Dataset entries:
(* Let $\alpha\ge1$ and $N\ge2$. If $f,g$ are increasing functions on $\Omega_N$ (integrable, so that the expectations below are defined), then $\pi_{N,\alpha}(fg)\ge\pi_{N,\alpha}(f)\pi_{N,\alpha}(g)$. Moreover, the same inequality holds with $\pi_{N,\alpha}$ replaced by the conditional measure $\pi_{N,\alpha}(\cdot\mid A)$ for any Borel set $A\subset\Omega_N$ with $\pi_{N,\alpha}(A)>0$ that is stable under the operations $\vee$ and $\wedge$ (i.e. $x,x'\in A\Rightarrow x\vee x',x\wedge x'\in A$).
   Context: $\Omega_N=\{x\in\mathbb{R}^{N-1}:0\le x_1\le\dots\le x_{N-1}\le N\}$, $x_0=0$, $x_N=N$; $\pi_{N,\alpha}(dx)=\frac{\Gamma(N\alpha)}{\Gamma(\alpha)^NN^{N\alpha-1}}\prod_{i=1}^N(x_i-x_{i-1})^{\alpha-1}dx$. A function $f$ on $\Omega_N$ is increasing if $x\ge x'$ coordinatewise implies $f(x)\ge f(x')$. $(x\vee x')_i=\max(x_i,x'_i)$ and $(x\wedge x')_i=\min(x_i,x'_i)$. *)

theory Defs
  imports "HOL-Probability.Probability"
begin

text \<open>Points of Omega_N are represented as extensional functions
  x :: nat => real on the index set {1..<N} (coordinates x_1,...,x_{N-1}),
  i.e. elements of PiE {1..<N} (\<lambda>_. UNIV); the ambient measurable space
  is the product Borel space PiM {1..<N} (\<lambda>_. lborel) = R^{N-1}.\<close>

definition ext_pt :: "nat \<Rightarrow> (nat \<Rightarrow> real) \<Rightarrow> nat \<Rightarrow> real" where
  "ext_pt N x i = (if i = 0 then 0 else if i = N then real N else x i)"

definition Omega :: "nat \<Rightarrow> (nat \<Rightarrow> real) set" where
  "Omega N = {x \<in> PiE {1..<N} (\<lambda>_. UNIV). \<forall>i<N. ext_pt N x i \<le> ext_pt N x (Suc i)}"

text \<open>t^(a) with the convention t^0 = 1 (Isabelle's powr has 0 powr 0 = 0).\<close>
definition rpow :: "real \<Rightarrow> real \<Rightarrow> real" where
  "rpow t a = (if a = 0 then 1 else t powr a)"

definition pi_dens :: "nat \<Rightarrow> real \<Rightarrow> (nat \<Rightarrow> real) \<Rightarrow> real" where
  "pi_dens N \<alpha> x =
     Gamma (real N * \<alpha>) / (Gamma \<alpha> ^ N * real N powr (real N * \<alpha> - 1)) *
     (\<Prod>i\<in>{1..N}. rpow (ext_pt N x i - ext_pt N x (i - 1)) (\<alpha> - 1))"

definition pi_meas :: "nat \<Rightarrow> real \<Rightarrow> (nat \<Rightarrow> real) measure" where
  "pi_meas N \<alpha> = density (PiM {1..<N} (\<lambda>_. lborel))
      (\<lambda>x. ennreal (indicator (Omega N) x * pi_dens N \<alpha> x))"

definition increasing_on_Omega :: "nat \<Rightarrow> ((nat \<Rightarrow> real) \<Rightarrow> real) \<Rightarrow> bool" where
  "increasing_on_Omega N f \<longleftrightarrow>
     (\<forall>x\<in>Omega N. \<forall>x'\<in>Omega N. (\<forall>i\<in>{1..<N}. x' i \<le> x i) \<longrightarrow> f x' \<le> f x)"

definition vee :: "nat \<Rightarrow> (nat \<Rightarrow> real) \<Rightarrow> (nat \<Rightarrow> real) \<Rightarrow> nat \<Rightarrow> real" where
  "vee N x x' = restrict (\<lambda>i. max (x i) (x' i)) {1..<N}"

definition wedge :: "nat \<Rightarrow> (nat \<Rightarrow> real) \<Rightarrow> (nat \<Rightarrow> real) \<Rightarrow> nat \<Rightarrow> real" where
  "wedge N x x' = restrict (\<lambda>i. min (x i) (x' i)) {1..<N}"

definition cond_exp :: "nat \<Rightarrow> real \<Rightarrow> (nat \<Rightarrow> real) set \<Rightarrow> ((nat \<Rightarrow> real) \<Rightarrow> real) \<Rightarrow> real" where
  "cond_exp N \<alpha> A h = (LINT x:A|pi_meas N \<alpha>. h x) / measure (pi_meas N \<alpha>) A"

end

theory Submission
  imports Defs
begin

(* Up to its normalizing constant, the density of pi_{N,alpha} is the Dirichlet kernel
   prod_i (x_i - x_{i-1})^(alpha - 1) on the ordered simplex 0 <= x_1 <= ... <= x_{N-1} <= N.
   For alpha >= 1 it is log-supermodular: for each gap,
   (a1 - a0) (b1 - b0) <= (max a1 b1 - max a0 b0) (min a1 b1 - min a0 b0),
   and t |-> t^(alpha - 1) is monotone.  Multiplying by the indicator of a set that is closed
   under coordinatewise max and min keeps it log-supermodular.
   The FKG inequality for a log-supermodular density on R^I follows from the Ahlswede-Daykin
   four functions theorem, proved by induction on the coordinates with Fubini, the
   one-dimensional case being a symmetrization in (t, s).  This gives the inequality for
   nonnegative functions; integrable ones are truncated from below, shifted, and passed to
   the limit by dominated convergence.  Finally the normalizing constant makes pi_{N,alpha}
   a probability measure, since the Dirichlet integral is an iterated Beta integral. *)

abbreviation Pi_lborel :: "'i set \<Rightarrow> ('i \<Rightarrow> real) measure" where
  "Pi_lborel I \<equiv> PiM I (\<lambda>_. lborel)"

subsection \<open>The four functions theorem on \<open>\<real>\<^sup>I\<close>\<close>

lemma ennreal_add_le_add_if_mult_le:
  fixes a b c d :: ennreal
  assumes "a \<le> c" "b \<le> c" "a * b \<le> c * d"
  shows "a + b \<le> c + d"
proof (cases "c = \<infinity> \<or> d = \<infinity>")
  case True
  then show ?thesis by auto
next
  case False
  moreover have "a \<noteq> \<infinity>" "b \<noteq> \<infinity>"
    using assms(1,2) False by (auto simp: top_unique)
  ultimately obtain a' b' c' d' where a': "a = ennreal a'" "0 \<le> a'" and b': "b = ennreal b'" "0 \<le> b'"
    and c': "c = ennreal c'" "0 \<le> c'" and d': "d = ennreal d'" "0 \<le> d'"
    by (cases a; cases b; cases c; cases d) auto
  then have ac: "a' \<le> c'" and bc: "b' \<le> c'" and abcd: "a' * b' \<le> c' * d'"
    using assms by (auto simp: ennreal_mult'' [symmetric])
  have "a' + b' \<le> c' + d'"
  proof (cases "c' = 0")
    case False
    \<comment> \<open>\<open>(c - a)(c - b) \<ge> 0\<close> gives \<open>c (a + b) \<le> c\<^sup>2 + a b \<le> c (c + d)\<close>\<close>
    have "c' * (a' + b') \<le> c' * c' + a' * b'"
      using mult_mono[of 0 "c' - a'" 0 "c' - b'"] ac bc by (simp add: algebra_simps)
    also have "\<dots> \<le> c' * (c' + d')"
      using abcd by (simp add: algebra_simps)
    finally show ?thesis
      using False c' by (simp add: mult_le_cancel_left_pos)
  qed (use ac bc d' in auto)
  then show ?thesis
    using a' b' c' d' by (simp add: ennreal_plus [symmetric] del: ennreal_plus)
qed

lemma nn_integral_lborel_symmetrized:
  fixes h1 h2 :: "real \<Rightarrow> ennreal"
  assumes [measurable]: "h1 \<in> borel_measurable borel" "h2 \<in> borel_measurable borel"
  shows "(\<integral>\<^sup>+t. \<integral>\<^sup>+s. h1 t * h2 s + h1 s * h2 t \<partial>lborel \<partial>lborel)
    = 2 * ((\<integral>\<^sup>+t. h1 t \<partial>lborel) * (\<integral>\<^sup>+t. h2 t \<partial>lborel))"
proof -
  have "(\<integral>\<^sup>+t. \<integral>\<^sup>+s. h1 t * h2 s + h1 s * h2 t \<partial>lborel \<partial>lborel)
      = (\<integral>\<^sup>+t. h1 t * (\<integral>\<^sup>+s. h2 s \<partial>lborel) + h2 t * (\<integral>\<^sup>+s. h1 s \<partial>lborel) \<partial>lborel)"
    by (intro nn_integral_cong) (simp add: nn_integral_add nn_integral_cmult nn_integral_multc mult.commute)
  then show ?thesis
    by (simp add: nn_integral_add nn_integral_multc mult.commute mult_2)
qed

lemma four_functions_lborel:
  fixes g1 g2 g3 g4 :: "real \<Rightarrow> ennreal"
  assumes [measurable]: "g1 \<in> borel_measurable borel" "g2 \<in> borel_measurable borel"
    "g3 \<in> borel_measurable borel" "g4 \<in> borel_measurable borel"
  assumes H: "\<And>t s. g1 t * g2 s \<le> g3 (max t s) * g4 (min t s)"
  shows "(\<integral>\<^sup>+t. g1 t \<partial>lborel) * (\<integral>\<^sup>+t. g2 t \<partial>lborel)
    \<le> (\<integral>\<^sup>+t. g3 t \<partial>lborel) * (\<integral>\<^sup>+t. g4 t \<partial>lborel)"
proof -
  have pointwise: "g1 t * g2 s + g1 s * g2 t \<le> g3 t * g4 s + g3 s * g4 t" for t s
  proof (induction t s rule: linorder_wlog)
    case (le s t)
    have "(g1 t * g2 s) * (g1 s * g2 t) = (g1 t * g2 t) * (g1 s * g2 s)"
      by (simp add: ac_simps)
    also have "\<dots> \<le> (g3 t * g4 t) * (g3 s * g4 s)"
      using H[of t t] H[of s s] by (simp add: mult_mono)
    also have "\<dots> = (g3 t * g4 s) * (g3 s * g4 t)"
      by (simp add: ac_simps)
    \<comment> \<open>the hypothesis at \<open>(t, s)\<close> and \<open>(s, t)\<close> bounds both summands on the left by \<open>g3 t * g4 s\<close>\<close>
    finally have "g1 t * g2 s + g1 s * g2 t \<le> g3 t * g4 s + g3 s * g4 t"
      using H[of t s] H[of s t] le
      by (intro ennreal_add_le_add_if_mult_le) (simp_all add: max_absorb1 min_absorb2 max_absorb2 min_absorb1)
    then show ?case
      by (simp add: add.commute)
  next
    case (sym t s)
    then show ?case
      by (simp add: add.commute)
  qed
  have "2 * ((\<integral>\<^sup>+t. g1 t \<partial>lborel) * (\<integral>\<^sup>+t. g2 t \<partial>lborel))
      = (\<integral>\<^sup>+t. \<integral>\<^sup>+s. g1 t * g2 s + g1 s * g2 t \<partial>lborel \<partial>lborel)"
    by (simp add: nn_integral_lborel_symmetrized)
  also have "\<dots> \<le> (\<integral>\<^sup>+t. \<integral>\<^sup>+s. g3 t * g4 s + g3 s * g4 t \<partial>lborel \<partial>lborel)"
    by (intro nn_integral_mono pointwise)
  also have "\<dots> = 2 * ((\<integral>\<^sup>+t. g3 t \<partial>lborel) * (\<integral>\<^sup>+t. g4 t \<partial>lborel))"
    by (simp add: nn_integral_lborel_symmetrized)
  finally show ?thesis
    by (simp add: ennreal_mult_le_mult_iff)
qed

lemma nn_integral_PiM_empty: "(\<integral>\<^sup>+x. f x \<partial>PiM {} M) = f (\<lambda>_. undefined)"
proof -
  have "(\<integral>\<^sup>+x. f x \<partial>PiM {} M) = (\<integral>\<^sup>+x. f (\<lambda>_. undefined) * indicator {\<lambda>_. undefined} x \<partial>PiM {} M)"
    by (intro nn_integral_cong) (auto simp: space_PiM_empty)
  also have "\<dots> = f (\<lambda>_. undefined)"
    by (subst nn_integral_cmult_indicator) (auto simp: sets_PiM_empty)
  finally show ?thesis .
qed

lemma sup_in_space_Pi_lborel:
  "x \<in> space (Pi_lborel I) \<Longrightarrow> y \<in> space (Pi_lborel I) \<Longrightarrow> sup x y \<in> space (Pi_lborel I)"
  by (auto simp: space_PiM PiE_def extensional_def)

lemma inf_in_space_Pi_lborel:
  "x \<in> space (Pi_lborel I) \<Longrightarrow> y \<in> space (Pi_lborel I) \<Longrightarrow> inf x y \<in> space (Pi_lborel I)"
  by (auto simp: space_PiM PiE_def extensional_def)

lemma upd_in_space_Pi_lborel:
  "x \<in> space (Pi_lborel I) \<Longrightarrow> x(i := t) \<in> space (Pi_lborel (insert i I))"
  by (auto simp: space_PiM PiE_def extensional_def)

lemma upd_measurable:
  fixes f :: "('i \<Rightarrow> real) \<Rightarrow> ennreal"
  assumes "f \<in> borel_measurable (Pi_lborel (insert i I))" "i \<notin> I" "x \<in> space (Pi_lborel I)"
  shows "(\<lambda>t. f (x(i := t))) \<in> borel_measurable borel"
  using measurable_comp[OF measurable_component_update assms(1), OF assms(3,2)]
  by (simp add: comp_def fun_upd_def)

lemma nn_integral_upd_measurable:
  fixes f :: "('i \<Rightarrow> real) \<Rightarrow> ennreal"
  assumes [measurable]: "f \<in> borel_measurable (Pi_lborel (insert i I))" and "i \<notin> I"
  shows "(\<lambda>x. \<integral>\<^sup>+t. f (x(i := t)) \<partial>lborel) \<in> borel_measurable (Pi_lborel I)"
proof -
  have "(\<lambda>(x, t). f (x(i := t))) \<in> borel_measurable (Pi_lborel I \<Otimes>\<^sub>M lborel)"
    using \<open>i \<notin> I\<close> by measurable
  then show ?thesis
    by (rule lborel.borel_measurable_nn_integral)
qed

**Work task**
Reproduce, exactly as they stand in the data above, the lines from the one that holds "g2 s) * (g1" to the one that holds "using H[of t s] H[of s t] le", inclusive.

**Answer area**
    have "(g1 t * g2 s) * (g1 s * g2 t) = (g1 t * g2 t) * (g1 s * g2 s)"
      by (simp add: ac_simps)
    also have "\<dots> \<le> (g3 t * g4 t) * (g3 s * g4 s)"
      using H[of t t] H[of s s] by (simp add: mult_mono)
    also have "\<dots> = (g3 t * g4 s) * (g3 s * g4 t)"
      by (simp add: ac_simps)
    \<comment> \<open>the hypothesis at \<open>(t, s)\<close> and \<open>(s, t)\<close> bounds both summands on the left by \<open>g3 t * g4 s\<close>\<close>
    finally have "g1 t * g2 s + g1 s * g2 t \<le> g3 t * g4 s + g3 s * g4 t"
      using H[of t s] H[of s t] le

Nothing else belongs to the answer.